The Central Park


More ominous still, to Olmsted, was that so many “intelligent citizens” seemed to care so little for his governing principle: that the park was to be a rural landscape as free of the city as possible. They saw no reason why it should not be speckled with edifying buildings and fairground amusements. In 1872 Olmsted listed a few such proposals for the park: a memorial cemetery for the “distinguished dead of the city,” a “grand people’s cathedral in which all sects might unite in a common litany,” an exhibition hall to display the “goods for sale in the city,” a street railway running the length of the park, a place for horse racing and steeplechase riding. What made the park so tempting for all the would-be builders in its history—for promoters of swimming pools, circuses, academies, opera houses, radio towers, airfields, and armories—was the irresistible lure of a bargain. The price of New York land was still “uncommonly great,” while the price of the park’s green fields was uncommonly cheap, as cheap as the salubrious sea breezes that once made green fields so plainly unnecessary. The spirit of New York is amazingly persistent.

As long as the park board loyally beat down all such proposals, time lay on Olmsted’s side, time for the landscape to ripen, time for it to exert its “influence” on the moods and habits of the people. Such was Olmsted’s faith, and it was by no means entirely misplaced. That Central Park remains even today something more than what Olmsted called “a desultory collocation of miscellaneous entertainments” is proof of that, for in May, 1870, Olmsted’s park and Olmsted’s principles lost their official defenders with the abolition of the board of commissioners. Under the whip of Boss Tweed, the state legislature returned control of Central Park to the mayor of New York, which meant for all practical purposes the Tammany machine. For nearly one hundred years Central Park was to be in the hands of men more or less hostile to the spirit that created it.

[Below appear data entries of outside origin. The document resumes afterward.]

lemma matroid_circuit_exchange:
  assumes M: "matroid E indep" and Y: "indep Y" "e \<notin> Y"
    and C: "C \<subseteq> Y" "\<And>y. y \<in> C \<Longrightarrow> indep (insert e (C - {y}))" "\<not> indep (insert e C)"
    and y: "y \<in> C"
  shows "indep (insert e (Y - {y}))"
proof -
  have fY: "finite Y" using matroid_indep_finite[OF M Y(1)] .
  have fC: "finite C" using finite_subset[OF C(1) fY] .
  have "e \<notin> C" using C(1) Y(2) by blast
  then have "card (insert e (C - {y})) = card C"
    using fC y card_Suc_Diff1[OF fC y] by simp
  then have "card (insert e (C - {y})) \<le> card Y"
    using card_mono[OF fY C(1)] by simp
  then obtain K where K: "indep K" "insert e (C - {y}) \<subseteq> K"
      "K \<subseteq> insert e (C - {y}) \<union> Y" "card K = card Y"
    using matroid_augment_to_card[OF M C(2)[OF y] Y(1)] by blast
  have "y \<notin> K"
  proof
    assume "y \<in> K"
    then have "insert e C \<subseteq> K" using K(2) by blast
    then show False using C(3) matroid_indep_subset[OF M K(1)] by blast
  qed
  then have "K \<subseteq> insert e (Y - {y})" using K(3) C(1) by blast
  moreover have "card (insert e (Y - {y})) = card Y"
    using fY Y(2) y C(1) card_Suc_Diff1[OF fY, of y] by auto
  ultimately have "K = insert e (Y - {y})"
    using card_seteq[of "insert e (Y - {y})" K] fY K(4) by simp
  then show ?thesis using K(1) by simp
qed

lemma matroid_replace_element:
  assumes M: "matroid E indep" and X: "indep X" "e \<in> X"
    and C: "indep C" "\<not> indep (insert e C)" "card C \<le> card X"
  shows "\<exists>y\<in>C - X. indep (insert y (X - {e}))"
proof -
  obtain K where K: "indep K" "C \<subseteq> K" "K \<subseteq> C \<union> X" "card K = card X"
    using matroid_augment_to_card[OF M C(1) X(1) C(3)] by blast
  have "e \<notin> K"
  proof
    assume "e \<in> K"
    then have "insert e C \<subseteq> K" using K(2) by blast
    then show False using C(2) matroid_indep_subset[OF M K(1)] by blast
  qed
  have "card (X - {e}) < card K"
    using K(4) card_Diff1_less[OF matroid_indep_finite[OF M X(1)] X(2)] by simp
  then obtain y where "y \<in> K - (X - {e})" "indep (insert y (X - {e}))"
    using matroid_augment[OF M matroid_indep_subset[OF M X(1)] K(1)] by blast
  moreover from this have "y \<in> C - X" using K(3) \<open>e \<notin> K\<close> by auto
  ultimately show ?thesis by blast
qed

lemma basis_symmetric_exchange:
  assumes M: "matroid E indep" and X: "basis indep X" and Y: "basis indep Y"
    and e: "e \<in> X" "e \<notin> Y"
  obtains y where "y \<in> Y - X" "basis indep (insert y (X - {e}))" "basis indep (insert e (Y - {y}))"
proof -
  have iX: "indep X" and iY: "indep Y" using X Y unfolding basis_def by auto
  have fX: "finite X" and fY: "finite Y" using matroid_indep_finite[OF M] iX iY by auto
  have cXY: "card Y = card X" using basis_iff_indep_card[OF M X] Y by simp
  have "\<not> indep (insert e Y)" using Y e unfolding basis_def by blast
  then obtain C where C: "C \<subseteq> Y" "\<not> indep (insert e C)"
    and C_min: "\<And>y. y \<in> C \<Longrightarrow> indep (insert e (C - {y}))"
    using matroid_minimal_dependent_extension[OF M iY] by blast
  have "card C \<le> card X" using card_mono[OF fY C(1)] cXY by simp
  then obtain y where y: "y \<in> C - X" "indep (insert y (X - {e}))"
    using matroid_replace_element[OF M iX e(1) matroid_indep_subset[OF M iY C(1)] C(2)] by blast
  have "indep (insert e (Y - {y}))"
    using matroid_circuit_exchange[OF M iY e(2) C(1) C_min C(2)] y by blast
  moreover have "card (insert y (X - {e})) = card X" "card (insert e (Y - {y})) = card X"
    using y C(1) e card_Suc_Diff1[OF fX e(1)] card_Suc_Diff1[OF fY, of y] fX fY cXY by auto
  ultimately show ?thesis
    using that y C(1) basis_iff_indep_card[OF M X] by blast
qed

The Tweed Ring fell apart too quickly to inflict fatal damage but it revealed clearly enough the Tammany view of Central Park. There was to be no interference from “landscape architects.” Olmsted, studiously ignored and insulted, angrily resigned his post, returning only after the Tweed gang fell. Nothing really changed after that fall. In 1878 Tammany drove Olmsted out of his beloved park forever and reduced Vaux to a distinguished menial. To Tammany the purpose of the park was to fuel the machine. Its work force became petty spoilsmen, the dregs of its ward-heeler brigades. Their salaries consumed what little was spent on maintaining the park, which slowly began to rot from neglect. When horticultural experts warned that the park’s trees were doomed unless the soil was enriched, Tammany’s parks department paid a small fortune to a well-connected rascal who provided the park with 10,000 cubic yards of cellar dirt more impoverished than the soil he was paid to enrich. To spare equally well-connected builders the trouble of carting their dirt long distances, one park administrator allowed them to dump it in the park, thereby filling up a picturesque ravine.

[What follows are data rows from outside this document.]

lemma generators_not_orthogonal_if_minimal:
  assumes fin: "finite S" and y: "y \<in> Rn n" "\<forall>x\<in>S - {\<lambda>j. 0}. 0 < dotp n y x"
    and min: "minimal_non_orthogonal_cone n S m"
    and m: "m \<in> Rn n" and t0: "t0 \<in> S" "dotp n m t0 \<noteq> 0"
    and x: "x \<in> S - {\<lambda>j. 0}"
  shows "dotp n m x \<noteq> 0"
proof -
  define R where "R h x = dotp n h x / dotp n y x" for h x
  note const = max_ratio_const_if_minimal[OF fin y min, folded R_def]
  have t0': "t0 \<in> S - {\<lambda>j. 0}" using t0 by auto
  have fin': "finite (S - {\<lambda>j. 0})" and ne: "S - {\<lambda>j. 0} \<noteq> {}" using fin t0' by auto
  obtain t1 where t1: "t1 \<in> S - {\<lambda>j. 0}" "\<forall>x\<in>S - {\<lambda>j. 0}. R m x \<le> R m t1"
    using finite_ex_max_image[OF fin' ne, of "R m"] by blast
  show ?thesis
  proof (cases "R m t1 = 0")
    case False
    then have "dotp n m t1 \<noteq> 0" by (simp add: R_def)
    with const[OF m t1(1) this t1(2) x] False have "R m x \<noteq> 0" by simp
    then show ?thesis by (auto simp: R_def)
  next
    case True
    define m' where "m' = (\<lambda>j. - m j)"
    have m': "m' \<in> Rn n" using m by (simp add: m'_def Rn_def)
    have R_m': "R m' x = - R m x" for x by (simp add: R_def m'_def dotp_uminus_left)
    obtain t2 where t2: "t2 \<in> S - {\<lambda>j. 0}" "\<forall>x\<in>S - {\<lambda>j. 0}. R m' x \<le> R m' t2"
      using finite_ex_max_image[OF fin' ne, of "R m'"] by blast
    have "0 < dotp n y t0" using y(2) t0' by blast
    with t0 have "R m t0 \<noteq> 0" by (simp add: R_def)
    moreover have "R m t0 \<le> R m t1" using t1(2) t0' by blast
    moreover have "R m' t0 \<le> R m' t2" using t2(2) t0' by blast
    ultimately have pos: "0 < R m' t2" using True R_m'[of t0] by linarith
    then have "dotp n m t2 \<noteq> 0" by (auto simp: R_def m'_def dotp_uminus_left)
    with const[OF m' t2(1) this t2(2) x] pos have "R m' x \<noteq> 0" by simp
    then show ?thesis by (auto simp: R_def m'_def dotp_uminus_left)
  qed
qed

To the machine Olmsted’s park was a political enemy. It inspired hope and idealism, and Tammany battened on cynicism and despair. The “Hall” treated the park accordingly. A succession of park superintendents spitefully hacked away at the shrubs that hid Olmsted’s buildings, smashed open his secluded glades, “cleaned up” woodland by lopping off all the lower branches of trees. They invited the city to invade the park. One Tammany superintendent chopped down the tree screen in the northwest border of the park so that visitors could see the Ninth Avenue Elevated line. Above all, Tammany wanted to build—a great zoo on the North Meadow, a mighty World’s Fair. But here the machine found itself checked. Too many people protested. They liked Central Park as it was, for in the last years of the nineteenth century it was lovelier than ever before. In March, 1892, Tammany met with a particularly stunning defeat. Eager to oblige the sporting set, the party of the common man got the state legislature to authorize construction of a mileand-a-half-long “speedway” for private trotting races. From every quarter of the city there was an extraordinary outburst of fury. “A dangerous temper developed among workmen,” recalled Samuel Parsons, a disciple of Vaux’s and the last of the “Greensward dynasty. ” Tammany beat a hasty retreat. Five weeks after passing the speedway law, the state legislature was forced to repeal it.


Tammany was now determined to teach the meddlesome electorate a lesson. If they persisted in cherishing Central Park they would get a park that nobody could cherish. The city gave up all pretense of maintaining the landscape or of curbing public unruliness. It virtually invited the vandals and the miscreants to come and do their worst. When the wealthy began exchanging their landaus for Daimlers, Tammany paved the carriage drives and turned them into parkways for motorists.